definition alt_gf :: "nat \<Rightarrow> nat \<Rightarrow> real fps" where
  "alt_gf k b = Abs_fps (\<lambda>m. if even m then real (card (alt_seqs_head_le (m div 2) k b)) else 0)"

lemma alt_gf_0: "alt_gf k 0 = 1"
proof (rule fps_ext)
  fix m
  have "card (alt_seqs_head_le (Suc n) k 0) = 0" for n
    by (simp add: card_alt_seqs_head_le_Suc)
  then show "alt_gf k 0 $ m = 1 $ m"
    by (cases "m div 2") (auto simp: alt_gf_def alt_seqs_head_le_0 elim: evenE)
qed

lemma alt_gf_Suc:
  "alt_gf k (Suc j) = alt_gf k j + fps_X ^ 2 * (\<Sum>d\<in>{Suc j..k}. alt_gf k d)"
proof (rule fps_ext)
  fix m
  show "alt_gf k (Suc j) $ m = (alt_gf k j + fps_X ^ 2 * (\<Sum>d\<in>{Suc j..k}. alt_gf k d)) $ m"
  proof (cases "m < 2")
    case True
    then show ?thesis
      by (auto simp: alt_gf_def alt_seqs_head_le_0 fps_X_power_mult_nth less_2_cases_iff)
  next
    case False
    then obtain i where m: "m = Suc (Suc i)"
      by (metis One_nat_def less_2_cases_iff not0_implies_Suc)
    then have "m div 2 = Suc (i div 2)" "even m \<longleftrightarrow> even i" by simp_all
    then show ?thesis
      unfolding m by (auto simp: alt_gf_def fps_X_power_mult_nth fps_sum_nth
          card_alt_seqs_head_le_Suc_Suc of_nat_sum)
  qed
qed

lemma alt_gf_Suc_Suc:
  assumes "j < k"
  shows "alt_gf k (Suc (Suc j)) = (2 - fps_X ^ 2) * alt_gf k (Suc j) - alt_gf k j"
proof -
  have "(\<Sum>d\<in>{Suc j..k}. alt_gf k d) = alt_gf k (Suc j) + (\<Sum>d\<in>{Suc (Suc j)..k}. alt_gf k d)"
    using assms by (subst sum.atLeast_Suc_atMost) auto
  with alt_gf_Suc[of k j] alt_gf_Suc[of k "Suc j"] show ?thesis
    by (simp add: algebra_simps)
qed

lemma alt_gf_descent:
  assumes "m \<le> k"
  shows "alt_gf k (k - m) = (-1) ^ m * fps_of_poly (cheb_U (2 * m)) * alt_gf k k"
  using assms
proof (induction m rule: induct_nat_012)
  case 0
  show ?case by simp
next
  case 1
  then have top: "alt_gf k k = alt_gf k (k - 1) + fps_X ^ 2 * alt_gf k k"
    using alt_gf_Suc[of k "k - 1"] by simp
  have "cheb_U (2 * Suc 0) = [:0, 1:] * [:0, 1:] - 1"
    by (simp add: numeral_2_eq_2)
  then have cheb_U_2: "fps_of_poly (cheb_U (2 * Suc 0)) = fps_X ^ 2 - 1"
    by (simp add: fps_of_poly_diff fps_of_poly_mult power2_eq_square)
  show ?case
    unfolding cheb_U_2 using top by (simp add: algebra_simps)
next
  case (ge2 m)
  have index: "2 * Suc (Suc m) = Suc (Suc (Suc (Suc (2 * m))))" "2 * Suc m = Suc (Suc (2 * m))"
    by simp_all
  have "alt_gf k (k - m) =
      (2 - fps_X ^ 2) * alt_gf k (k - Suc m) - alt_gf k (k - Suc (Suc m))"
    using alt_gf_Suc_Suc[of "k - Suc (Suc m)" k] ge2.prems by (simp add: Suc_diff_Suc)
  then have "alt_gf k (k - Suc (Suc m)) =
      (2 - fps_X ^ 2) * alt_gf k (k - Suc m) - alt_gf k (k - m)"
    by (simp add: algebra_simps)
  also have "\<dots> = (-1) ^ m * ((fps_X ^ 2 - 2) * fps_of_poly (cheb_U (2 * Suc m))
      - fps_of_poly (cheb_U (2 * m))) * alt_gf k k"
    using ge2 by (simp add: algebra_simps)
  also have "\<dots> = (-1) ^ Suc (Suc m) * fps_of_poly (cheb_U (2 * Suc (Suc m))) * alt_gf k k"
    unfolding index fps_of_poly_cheb_U_Suc4 by simp
  finally show ?case .
qed

lemma alt_gf_closed_form: "fps_of_poly (cheb_U (2 * k)) * alt_gf k k = (-1) ^ k"
proof -
  have "fps_of_poly (cheb_U (2 * k)) * alt_gf k k =
      (-1) ^ k * ((-1) ^ k * fps_of_poly (cheb_U (2 * k)) * alt_gf k k)"
    by (simp flip: mult.assoc power_mult_distrib)
  also have "\<dots> = (-1) ^ k"
    using alt_gf_descent[of k k] by (simp add: alt_gf_0)
  finally show ?thesis .
qed

section \<open>The negative-index values\<close>

lemma C_neg_gf_top_odd:
  assumes "1 \<le> k"
  shows "C_neg_gf (2 * k - 1) 0 (2 * k - 1) = - (fps_X * (-1) ^ k * alt_gf k k)"
proof -
  define K where "K = 2 * k - 1"
  have Suc_K: "Suc K = 2 * k" and shift: "2 * k - K = 1" using assms by (simp_all add: K_def)
  let ?Q = "cheb_U_rev (2 * k)" and ?U = "fps_of_poly (cheb_U (2 * k))"
  have "?Q \<noteq> 0" using coeff_cheb_U_rev_0[of "2 * k"] by auto
  then have U_unit: "?U $ 0 \<noteq> 0" by (simp flip: reflect_cheb_U_rev_even)
  have inverse_U: "inverse ?U = (-1) ^ k * alt_gf k k"
    by (rule fps_inverse_unique)
      (simp add: mult.left_commute[of ?U] alt_gf_closed_form flip: power_mult_distrib)
  have "fps_of_poly (monom 1 K) / fps_of_poly ?Q = C_gf K 0 K"
    using C_gf_top_closed_form[of K] coeff_cheb_U_rev_0[of "2 * k"] unfolding Suc_K
    by (simp add: fps_of_poly_monom' fps_divide_eq_divide_iff[of _ 1, simplified] mult.commute)
  then have "C_neg_gf K 0 K = - (fps_X / ?U)"
    using C_neg_gf_eqI[of "monom 1 K" ?Q K 0 K] Suc_K
    by (simp add: shift degree_monom_eq degree_cheb_U_rev_even coeff_cheb_U_rev_0 reflect_cheb_U_rev_even
        reflect_poly_monom)
  also have "\<dots> = - (fps_X * inverse ?U)"
    using U_unit by (simp add: fps_divide_unit)
  finally show ?thesis
    unfolding inverse_U by (simp add: K_def mult.assoc)
qed

lemma fps_neg_one_power: "(-1) ^ k = fps_const ((-1) ^ k :: 'a::comm_ring_1)"
  by (metis fps_const_1_eq_1 fps_const_neg fps_const_power)

theorem corollary14:
  fixes n k :: nat
  assumes "k \<ge> 1"
  shows "(-1) ^ (k + 1) * D (2 * k - 1) (- 2 * int n - 2 * int k) = real (card (alt_seqs n k))"
proof -
  have index: "- 2 * int n - 2 * int k + int (2 * k - 1) = - int (Suc (2 * n))"
    using assms by simp
  have coeff_index: "nat (- (- int (Suc (2 * n)))) = Suc (2 * n)"
    by simp
  have "D (2 * k - 1) (- 2 * int n - 2 * int k) = C_neg_gf (2 * k - 1) 0 (2 * k - 1) $ Suc (2 * n)"
    unfolding D_def C_int_def index by (simp only: coeff_index) simp
  also have "\<dots> = - ((-1) ^ k * real (card (alt_seqs n k)))"
    unfolding C_neg_gf_top_odd[OF assms] fps_neg_one_power
    by (simp add: mult.assoc alt_gf_def alt_seqs_head_le_top)
  finally show ?thesis by simp
qed

end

--

▶ **EXERCISE OBJECTIVE**
Once you find the line with "j) = alt_gf" above, print it and every line after it up to and including the line with "Suc (Suc (Suc", exactly as written and nothing else.

▶ **ANSWER BOX**
  "alt_gf k (Suc j) = alt_gf k j + fps_X ^ 2 * (\<Sum>d\<in>{Suc j..k}. alt_gf k d)"
proof (rule fps_ext)
  fix m
  show "alt_gf k (Suc j) $ m = (alt_gf k j + fps_X ^ 2 * (\<Sum>d\<in>{Suc j..k}. alt_gf k d)) $ m"
  proof (cases "m < 2")
    case True
    then show ?thesis
      by (auto simp: alt_gf_def alt_seqs_head_le_0 fps_X_power_mult_nth less_2_cases_iff)
  next
    case False
    then obtain i where m: "m = Suc (Suc i)"
      by (metis One_nat_def less_2_cases_iff not0_implies_Suc)
    then have "m div 2 = Suc (i div 2)" "even m \<longleftrightarrow> even i" by simp_all
    then show ?thesis
      unfolding m by (auto simp: alt_gf_def fps_X_power_mult_nth fps_sum_nth
          card_alt_seqs_head_le_Suc_Suc of_nat_sum)
  qed
qed

lemma alt_gf_Suc_Suc:
  assumes "j < k"
  shows "alt_gf k (Suc (Suc j)) = (2 - fps_X ^ 2) * alt_gf k (Suc j) - alt_gf k j"
proof -
  have "(\<Sum>d\<in>{Suc j..k}. alt_gf k d) = alt_gf k (Suc j) + (\<Sum>d\<in>{Suc (Suc j)..k}. alt_gf k d)"
    using assms by (subst sum.atLeast_Suc_atMost) auto
  with alt_gf_Suc[of k j] alt_gf_Suc[of k "Suc j"] show ?thesis
    by (simp add: algebra_simps)
qed

lemma alt_gf_descent:
  assumes "m \<le> k"
  shows "alt_gf k (k - m) = (-1) ^ m * fps_of_poly (cheb_U (2 * m)) * alt_gf k k"
  using assms
proof (induction m rule: induct_nat_012)
  case 0
  show ?case by simp
next
  case 1
  then have top: "alt_gf k k = alt_gf k (k - 1) + fps_X ^ 2 * alt_gf k k"
    using alt_gf_Suc[of k "k - 1"] by simp
  have "cheb_U (2 * Suc 0) = [:0, 1:] * [:0, 1:] - 1"
    by (simp add: numeral_2_eq_2)
  then have cheb_U_2: "fps_of_poly (cheb_U (2 * Suc 0)) = fps_X ^ 2 - 1"
    by (simp add: fps_of_poly_diff fps_of_poly_mult power2_eq_square)
  show ?case
    unfolding cheb_U_2 using top by (simp add: algebra_simps)
next
  case (ge2 m)
  have index: "2 * Suc (Suc m) = Suc (Suc (Suc (Suc (2 * m))))" "2 * Suc m = Suc (Suc (2 * m))"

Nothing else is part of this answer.